The communication recaps CEO Anthony Pompliano’s podcast discussion with Jeff Park on industry topics, including how credit ratings approach bitcoin-treasury models, the emergence of staking ETFs, and prediction markets. It emphasizes that securities regulators have not approved or disapproved the transactions and that certain securities will be offered only under exemptions. Shareholders will receive definitive materials for voting after the S-4 is declared effective and are directed to the SEC’s website for documents.
ProCap Financial, Inc. released a Rule 425 communication tied to its proposed business combination among ProCap BTC, ProCap Financial, and Columbus Circle Capital Corp. I (CCCM). The filing references a Form S-4 registration statement that includes a preliminary proxy statement/prospectus for CCCM shareholders regarding the Business Combination, a Preferred Equity Investment in ProCap BTC, and a Convertible Note Offering by ProCap Financial.

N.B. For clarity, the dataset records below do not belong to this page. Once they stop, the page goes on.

(* Let $n,m$ be positive integers with $n>m$, both in canonical form, and let $k=n-m$. Then $n+(-m)\triangleq\{k-1\mid k+1\}\triangleq k+\underline{0}$, where $k-1,k+1,k$ are canonical integers and $\underline{0}\cong 1+(-1)$.
   Context: Games are short normal-play combinatorial games, written $G\cong\{L(G)\mid R(G)\}$, $\cong$ meaning identical literal forms. Canonical integers: $0\cong\{\ \mid\ \}$, $n\cong\{n-1\mid\ \}$ for $n>0$, $n\cong\{\ \mid n+1\}$ for $n<0$. Disjunctive sum $G+H\cong\{L(G)+H,G+L(H)\mid R(G)+H,G+R(H)\}$, negation $-G\cong\{-R(G)\mid -L(G)\}$. $\underline{0}$ denotes the literal game $1+(-1)\cong\{-1\mid 1\}$. Equivalence modulo domination: $G\triangleq H$ means that in $G+(-H)$, for every move by either player as first player in one summand, the other player has a response in the other summand after which the responder wins. *)

theory Defs
  imports Main "HOL-Library.FSet"
begin

text \<open>Short games as literal forms: a pair of finite sets of Left and Right options.\<close>
datatype game = Game (LO: "game fset") (RO: "game fset")

primrec neg :: "game \<Rightarrow> game" where
  "neg (Game L R) = Game (fimage neg R) (fimage neg L)"

lemma size_opt_less:
  assumes "z |\<in>| A"
  shows "size z < Suc ((\<Sum>x\<in>fset A. Suc (size x)) + (\<Sum>x\<in>fset B. Suc (size (x::game))))"
proof -
  have "Suc (size z) \<le> (\<Sum>x\<in>fset A. Suc (size x))"
    using assms by (intro member_le_sum) auto
  then show ?thesis by linarith
qed

lemma size_opt_less2:
  assumes "z |\<in>| B"
  shows "size z < Suc ((\<Sum>x\<in>fset A. Suc (size (x::game))) + (\<Sum>x\<in>fset B. Suc (size x)))"
proof -
  have "Suc (size z) \<le> (\<Sum>x\<in>fset B. Suc (size x))"
    using assms by (intro member_le_sum) auto
  then show ?thesis by linarith
qed

lemma size_LO: "x |\<in>| LO g \<Longrightarrow> size x < size g"
  by (cases g) (auto simp: size_fset_overloaded_simps intro: size_opt_less)

lemma size_RO: "x |\<in>| RO g \<Longrightarrow> size x < size g"
  by (cases g) (auto simp: size_fset_overloaded_simps intro: size_opt_less2)

lemma size_grand1: "x |\<in>| R \<Longrightarrow> xa |\<in>| LO x \<Longrightarrow> size xa < size (Game L R)"
proof -
  assume a: "x |\<in>| R" "xa |\<in>| LO x"
  have "size xa < size x" using a(2) by (rule size_LO)
  moreover have "size x < size (Game L R)" using a(1) size_RO[of x "Game L R"] by simp
  ultimately show ?thesis by simp
qed

lemma size_grand2: "x |\<in>| L \<Longrightarrow> xa |\<in>| RO x \<Longrightarrow> size xa < size (Game L R)"
proof -
  assume a: "x |\<in>| L" "xa |\<in>| RO x"
  have "size xa < size x" using a(2) by (rule size_RO)
  moreover have "size x < size (Game L R)" using a(1) size_LO[of x "Game L R"] by simp
  ultimately show ?thesis by simp
qed

function plus :: "game \<Rightarrow> game \<Rightarrow> game" where
  "plus (Game GL GR) (Game HL HR) =
     Game ((\<lambda>x. plus x (Game HL HR)) |`| GL |\<union>| (\<lambda>y. plus (Game GL GR) y) |`| HL)
          ((\<lambda>x. plus x (Game HL HR)) |`| GR |\<union>| (\<lambda>y. plus (Game GL GR) y) |`| HR)"
  by pat_completeness auto
termination
  by (relation "measure (\<lambda>(G, H). size G + size H)")
     (auto simp: size_fset_overloaded_simps intro: size_opt_less size_opt_less2 add_strict_left_mono add_strict_right_mono)

function int_game :: "int \<Rightarrow> game" where
  "int_game n = (if n = 0 then Game {||} {||}
                 else if n > 0 then Game {|int_game (n - 1)|} {||}
                 else Game {||} {|int_game (n + 1)|})"
  by auto
termination by (relation "measure (\<lambda>n. nat \<bar>n\<bar>)") auto

declare int_game.simps [simp del]

definition zero_ul :: game where
  "zero_ul = plus (int_game 1) (neg (int_game 1))"

text \<open>Normal-play outcomes.
  right_wins_2nd G: Right wins G when Left moves first (every Left move has a winning Right reply).
  left_wins_2nd G: Left wins G when Right moves first.\<close>
function left_wins_2nd :: "game \<Rightarrow> bool" and right_wins_2nd :: "game \<Rightarrow> bool" where
  "left_wins_2nd (Game L R) =
     (\<forall>gr\<in>fset R. \<exists>grl\<in>fset (LO gr). left_wins_2nd grl)"
| "right_wins_2nd (Game L R) =
     (\<forall>gl\<in>fset L. \<exists>glr\<in>fset (RO gl). right_wins_2nd glr)"
  by pat_completeness auto
termination
  by (relation "measure (\<lambda>x. case x of Inl G \<Rightarrow> size G | Inr G \<Rightarrow> size G)")
     (simp_all only: in_measure sum.case wf_measure size_grand1 size_grand2)

text \<open>Equivalence modulo domination G \<triangleq> H: in G + (-H), every move by either player
  (as first player) in one summand has a reply by the other player in the other summand
  after which the responder wins (moving second).  Left options of -H are -(H^R), right
  options of -H are -(H^L).\<close>
definition eq_dom :: "game \<Rightarrow> game \<Rightarrow> bool" (infix "\<triangleq>" 50) where
  "G \<triangleq> H \<longleftrightarrow>
     (\<forall>gl. gl |\<in>| LO G \<longrightarrow> (\<exists>hl. hl |\<in>| LO H \<and> right_wins_2nd (plus gl (neg hl)))) \<and>
     (\<forall>hr. hr |\<in>| RO H \<longrightarrow> (\<exists>gr. gr |\<in>| RO G \<and> right_wins_2nd (plus gr (neg hr)))) \<and>
     (\<forall>gr. gr |\<in>| RO G \<longrightarrow> (\<exists>hr. hr |\<in>| RO H \<and> left_wins_2nd (plus gr (neg hr)))) \<and>
     (\<forall>hl. hl |\<in>| LO H \<longrightarrow> (\<exists>gl. gl |\<in>| LO G \<and> left_wins_2nd (plus gl (neg hl))))"

end

theory Submission
  imports Defs
begin

text \<open>Call G an integer form of value v if every Left option is an integer form of value v - 1,
  every Right option one of value v + 1, and the player who is ahead in value always has a move.
  Integer forms are closed under sum and negation, canonical integers are integer forms, and an
  integer form of value v \<le> 0 (v \<ge> 0) is won by Right (Left) moving second.  Hence G + (-H) is
  a second-player win whenever G and H are integer forms of equal value.  Now n + (-m),
  {k-1 | k+1} and k + (1 + (-1)) are all integer forms of value k with options on both sides,
  all their Left options having value k - 1 and all their Right options value k + 1, so every
  move in one of them is answered by a move of equal value in the other.\<close>

inductive int_form :: "game \<Rightarrow> int \<Rightarrow> bool" where
  int_formI: "(\<And>x. x |\<in>| LO G \<Longrightarrow> int_form x (v - 1)) \<Longrightarrow>
    (\<And>x. x |\<in>| RO G \<Longrightarrow> int_form x (v + 1)) \<Longrightarrow>
    (0 < v \<Longrightarrow> LO G \<noteq> {||}) \<Longrightarrow> (v < 0 \<Longrightarrow> RO G \<noteq> {||}) \<Longrightarrow> int_form G v"

lemma LO_plus: "LO (plus G H) = (\<lambda>x. plus x H) |`| LO G |\<union>| (\<lambda>y. plus G y) |`| LO H"
  by (cases G; cases H) simp

lemma RO_plus: "RO (plus G H) = (\<lambda>x. plus x H) |`| RO G |\<union>| (\<lambda>y. plus G y) |`| RO H"
  by (cases G; cases H) simp

lemma LO_neg: "LO (neg G) = neg |`| RO G"
  by (cases G) simp

lemma RO_neg: "RO (neg G) = neg |`| LO G"
  by (cases G) simp

lemma right_wins_2nd_neg_iff: "right_wins_2nd (neg G) \<longleftrightarrow> left_wins_2nd G"
proof (induction G rule: measure_induct_rule[of size])
  case (less G)
  obtain L R where G: "G = Game L R" by (cases G)
  have IH: "right_wins_2nd (neg grl) \<longleftrightarrow> left_wins_2nd grl"
    if "gr |\<in>| R" and "grl |\<in>| LO gr" for gr grl
    using less.IH size_grand1[OF that] by (simp add: G)
  have "right_wins_2nd (neg G) \<longleftrightarrow> (\<forall>gr|\<in>|R. \<exists>grl|\<in>|LO gr. right_wins_2nd (neg grl))"
    by (simp add: G RO_neg)
  also have "\<dots> \<longleftrightarrow> left_wins_2nd G"
    using IH by (auto simp: G)
  finally show ?case .
qed

lemma int_form_neg: "int_form G v \<Longrightarrow> int_form (neg G) (- v)"
proof (induction rule: int_form.induct)
  case IH: (int_formI G v)
  show ?case
    by (rule int_formI) (use IH in \<open>auto simp: LO_neg RO_neg\<close>)
qed

lemma int_form_plus: "int_form G a \<Longrightarrow> int_form H b \<Longrightarrow> int_form (plus G H) (a + b)"
proof (induction G a arbitrary: H b rule: int_form.induct)
  case G: (int_formI G a)
  from G.prems show ?case
  proof (induction H b rule: int_form.induct)
    case H: (int_formI H b)
    have "int_form H b" by (rule int_formI) (use H in auto)
    show ?case
    proof (rule int_formI)
      fix x assume "x |\<in>| LO (plus G H)"
      then consider gl where "gl |\<in>| LO G" "x = plus gl H" | hl where "hl |\<in>| LO H" "x = plus G hl"
        by (auto simp: LO_plus)
      then show "int_form x (a + b - 1)"
      proof cases
        case (1 gl)
        then show ?thesis using G.IH(1)[of gl H b] \<open>int_form H b\<close> by (simp add: diff_add_eq)
      next
        case (2 hl)
        then show ?thesis using H.IH(1)[of hl] by (simp add: add_diff_eq)
      qed
    next
      fix x assume "x |\<in>| RO (plus G H)"
      then consider gr where "gr |\<in>| RO G" "x = plus gr H" | hr where "hr |\<in>| RO H" "x = plus G hr"
        by (auto simp: RO_plus)
      then show "int_form x (a + b + 1)"
      proof cases
        case (1 gr)
        then show ?thesis using G.IH(2)[of gr H b] \<open>int_form H b\<close> by (simp add: ac_simps)
      next
        case (2 hr)
        then show ?thesis using H.IH(2)[of hr] by (simp add: ac_simps)
      qed
    next
      assume "0 < a + b"
      then have "0 < a \<or> 0 < b" by linarith
      then show "LO (plus G H) \<noteq> {||}"
        using G.hyps(3) H.hyps(3) by (auto simp: LO_plus)
    next
      assume "a + b < 0"
      then have "a < 0 \<or> b < 0" by linarith
      then show "RO (plus G H) \<noteq> {||}"
        using G.hyps(4) H.hyps(4) by (auto simp: RO_plus)
    qed
  qed
qed

lemma int_form_int_game: "int_form (int_game n) n"
proof (induction n rule: int_game.induct)
  case IH: (1 n)
  consider "n < 0" | "n = 0" | "0 < n" by linarith
  then show ?case
  proof cases
    case 1
    have "int_game n = Game {||} {|int_game (n + 1)|}"
      unfolding int_game.simps[of n] using 1 by simp
    then show ?thesis by simp (rule int_formI; use IH 1 in auto)
  next
    case 2
    have "int_game n = Game {||} {||}"
      unfolding int_game.simps[of n] using 2 by simp
    then show ?thesis by simp (rule int_formI; use 2 in auto)
  next
    case 3
    have "int_game n = Game {|int_game (n - 1)|} {||}"
      unfolding int_game.simps[of n] using 3 by simp
    then show ?thesis by simp (rule int_formI; use IH 3 in auto)
  qed
qed

lemma int_form_zero_ul: "int_form zero_ul 0"
  unfolding zero_ul_def using int_form_plus[OF int_form_int_game int_form_neg[OF int_form_int_game]]
  by (metis add.right_inverse)

lemma int_form_right_wins_2nd: "int_form G v \<Longrightarrow> v \<le> 0 \<Longrightarrow> right_wins_2nd G"
proof (induction G arbitrary: v rule: measure_induct_rule[of size])
  case (less G)
  obtain L R where G: "G = Game L R" by (cases G)
  show ?case unfolding G right_wins_2nd.simps
  proof
    fix gl assume "gl \<in> fset L"
    then have gl: "gl |\<in>| LO G" "int_form gl (v - 1)"
      using less.prems int_form.simps[of G] by (auto simp: G)
    then obtain glr where glr: "glr |\<in>| RO gl"
      using less.prems int_form.simps[of gl] by fastforce
    then have "int_form glr v" using gl int_form.simps[of gl] by auto
    moreover have "size glr < size G" using size_RO[OF glr] size_LO[OF gl(1)] by simp
    ultimately show "\<exists>glr\<in>fset (RO gl). right_wins_2nd glr" using glr less by auto
  qed
qed

lemma int_form_left_wins_2nd: "int_form G v \<Longrightarrow> 0 \<le> v \<Longrightarrow> left_wins_2nd G"
  using int_form_right_wins_2nd[OF int_form_neg] right_wins_2nd_neg_iff by fastforce

lemma int_form_difference_wins_2nd:
  assumes "int_form G v" and "int_form H v"
  shows "right_wins_2nd (plus G (neg H))" and "left_wins_2nd (plus G (neg H))"
proof -
  have "int_form (plus G (neg H)) 0"
    using int_form_plus[OF assms(1) int_form_neg[OF assms(2)]] by simp
  then show "right_wins_2nd (plus G (neg H))" and "left_wins_2nd (plus G (neg H))"
    by (auto intro: int_form_right_wins_2nd int_form_left_wins_2nd)
qed

lemma eq_dom_if_int_forms:
  assumes "int_form G v" and "int_form H v"
    and "LO G = {||} \<longleftrightarrow> LO H = {||}" and "RO G = {||} \<longleftrightarrow> RO H = {||}"
  shows "G \<triangleq> H"
proof -
  have L: "int_form x (v - 1)" if "x |\<in>| LO G |\<union>| LO H" for x
    using that assms(1,2) int_form.simps by blast
  have R: "int_form x (v + 1)" if "x |\<in>| RO G |\<union>| RO H" for x
    using that assms(1,2) int_form.simps by blast
  show ?thesis unfolding eq_dom_def
  proof (intro conjI allI impI)
    fix gl assume gl: "gl |\<in>| LO G"
    with assms(3) obtain hl where "hl |\<in>| LO H" by fastforce
    with gl show "\<exists>hl. hl |\<in>| LO H \<and> right_wins_2nd (plus gl (neg hl))"
      using L int_form_difference_wins_2nd(1) by blast
  next
    fix hr assume hr: "hr |\<in>| RO H"
    with assms(4) obtain gr where "gr |\<in>| RO G" by fastforce
    with hr show "\<exists>gr. gr |\<in>| RO G \<and> right_wins_2nd (plus gr (neg hr))"
      using R int_form_difference_wins_2nd(1) by blast
  next
    fix gr assume gr: "gr |\<in>| RO G"
    with assms(4) obtain hr where "hr |\<in>| RO H" by fastforce
    with gr show "\<exists>hr. hr |\<in>| RO H \<and> left_wins_2nd (plus gr (neg hr))"
      using R int_form_difference_wins_2nd(2) by blast
  next
    fix hl assume hl: "hl |\<in>| LO H"
    with assms(3) obtain gl where "gl |\<in>| LO G" by fastforce
    with hl show "\<exists>gl. gl |\<in>| LO G \<and> left_wins_2nd (plus gl (neg hl))"
      using L int_form_difference_wins_2nd(2) by blast
  qed
qed

theorem lemma3p2:
  fixes n m k :: int
  assumes "0 < m" and "m < n" and "k = n - m"
  shows "plus (int_game n) (neg (int_game m)) \<triangleq> Game {|int_game (k - 1)|} {|int_game (k + 1)|}
         \<and> Game {|int_game (k - 1)|} {|int_game (k + 1)|} \<triangleq> plus (int_game k) zero_ul"
proof -
  have "0 < k" using assms by simp
  have "int_form (Game {|int_game (k - 1)|} {|int_game (k + 1)|}) k"
    by (rule int_formI) (auto simp: int_form_int_game)
  moreover have "int_form (plus (int_game n) (neg (int_game m))) k"
    using int_form_plus[OF int_form_int_game int_form_neg[OF int_form_int_game]] assms by simp
  moreover have "int_form (plus (int_game k) zero_ul) k"
    using int_form_plus[OF int_form_int_game int_form_zero_ul] by simp
  moreover have "LO (int_game i) \<noteq> {||}" if "0 < i" for i
    using that int_form_int_game[of i] int_form.simps by blast
  ultimately show ?thesis
    using \<open>0 < k\<close> assms
    by (intro conjI eq_dom_if_int_forms) (auto simp: LO_plus RO_plus RO_neg zero_ul_def)
qed

end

The communication includes transcripts of media appearances by Anthony Pompliano discussing Bitcoin market dynamics and industry developments. It also provides required legal disclosures, stating that neither the SEC nor state regulators have approved or disapproved the transactions, and that the preferred units and convertible notes are being offered pursuant to exemptions from registration. Relevant proxy and prospectus materials will be made available via the SEC’s website and mailed to CCCM shareholders as of a record date to be established.